At the risk of not causing more strife among the youth staff I kept quiet about the incident but I’ve never forgotten it to this day. Sometimes, I wonder if the youth pastors deserved to know what kind of person they had serving on their staff but I digress. I share this story to show the flaws with the “Christ is all we need” doctrine when it comes to relationships. Obviously, racism exists in the church despite the doctrine and rhetoric about there being no “Jew or Greek” and sadly that extends to romantic relationships too. Perhaps, that explains why over the last nine years the last 11 weddings I’ve attended at my church have only been for young white couples in their early to mid 20’s. So as much the church would like us sisters to believe that white or rainbow man sitting on the pew next to us could be “the One” there might be ghostly matters of race, culture, and ethnicity lurking in the back of his mind that need to be addressed publicly and honestly.
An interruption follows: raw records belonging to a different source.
lemma riesz_representation_on_subspace:
  fixes l :: "'a::chilbert_space \<Rightarrow> complex"
  assumes "linear_functional_on D l" and bounded: "\<forall>x\<in>D. cmod (l x) \<le> K * cnorm x"
  shows "\<exists>z. \<forall>x\<in>D. l x = cinner z x"
proof -
  interpret linear_functional_on D l by fact
  define m where "m = Inf (energy ` D)"
  have "bdd_below (energy ` D)"
    using energy_lower_bound[OF bounded] by (auto intro!: bdd_belowI)
  then have energy_ge: "\<forall>y\<in>D. m \<le> energy y"
    unfolding m_def by (simp add: cInf_lower)
  have "\<exists>y\<in>D. energy y < m + 1 / real (Suc n)" for n
    using cInf_lessD[of "energy ` D" "m + 1 / real (Suc n)"] zero_mem by (auto simp: m_def)
  then obtain Y where minimizing: "\<forall>n. Y n \<in> D \<and> energy (Y n) < m + 1 / real (Suc n)"
    by metis
  obtain L where "(\<lambda>n. cnorm (Y n - L)) \<longlonglongrightarrow> 0"
    using norm_complete[OF minimizing_sequence_Cauchy[OF energy_ge minimizing]]
    unfolding cnorm_def by blast
  then show ?thesis
    using minimizing_sequence_limit_represents[OF energy_ge minimizing] by blast
qed

lemma bounded_functional_imp_adjoint_dom:
  fixes S :: "'a::chilbert_space \<Rightarrow> 'a"
  assumes "lin_op D S" and "\<forall>x\<in>D. cmod (cinner \<psi> (S x)) \<le> K * cnorm x"
  shows "\<psi> \<in> adjoint_dom D S"
proof -
  have "linear_functional_on D (\<lambda>x. cinner \<psi> (S x))"
    using assms(1) by unfold_locales (auto simp: lin_op_def cinner_add_right cinner_scaleC_right)
  then obtain z where "\<forall>x\<in>D. cinner \<psi> (S x) = cinner z x"
    using riesz_representation_on_subspace assms(2) by blast
  then have "\<forall>x\<in>D. cinner (S x) \<psi> = cinner x z"
    by (metis cinner_commute)
  then show ?thesis unfolding adjoint_dom_def by blast
qed

lemma Im_cinner_apply_add_scaleC:
  assumes "lin_op D B" and "\<psi> \<in> D" and "x \<in> D"
  shows "Im (cinner (\<psi> + c *\<^sub>C x) (B (\<psi> + c *\<^sub>C x))) =
    Im (cinner \<psi> (B \<psi>)) + Im (c * (cinner \<psi> (B x) - cinner (B \<psi>) x)) + (cmod c)^2 * Im (cinner x (B x))"
proof -
  have "B (\<psi> + c *\<^sub>C x) = B \<psi> + c *\<^sub>C B x"
    using assms by (auto simp: lin_op_def csubspace_def)
  then have "cinner (\<psi> + c *\<^sub>C x) (B (\<psi> + c *\<^sub>C x)) = cinner \<psi> (B \<psi>) + c * cinner \<psi> (B x)
      + cnj (c * cinner (B \<psi>) x) + cnj c * c * cinner x (B x)"
    using cinner_commute[of x "B \<psi>"]
    by (simp add: cinner_add_left cinner_add_right cinner_scaleC_left cinner_scaleC_right algebra_simps)
  moreover have "cnj c * c = complex_of_real ((cmod c)^2)"
    by (rule cnj_mult_self)
  ultimately show ?thesis by (simp add: right_diff_distrib)
qed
In the end we educated/professional women of color and of faith are juggling our Christianity with our race, class, and gender, which is quite a balancing act. To assume that shared faith in Christ trumps all these identity markers is foolish, unrealistic, and insulating in many ways. We need partners Christian or no Christian who are willing to negotiate these issues with us and unfortunately I have not met any men in church that can do this. So, despite your protests I’m not “taking anyone of the table”. Sorry Pastor.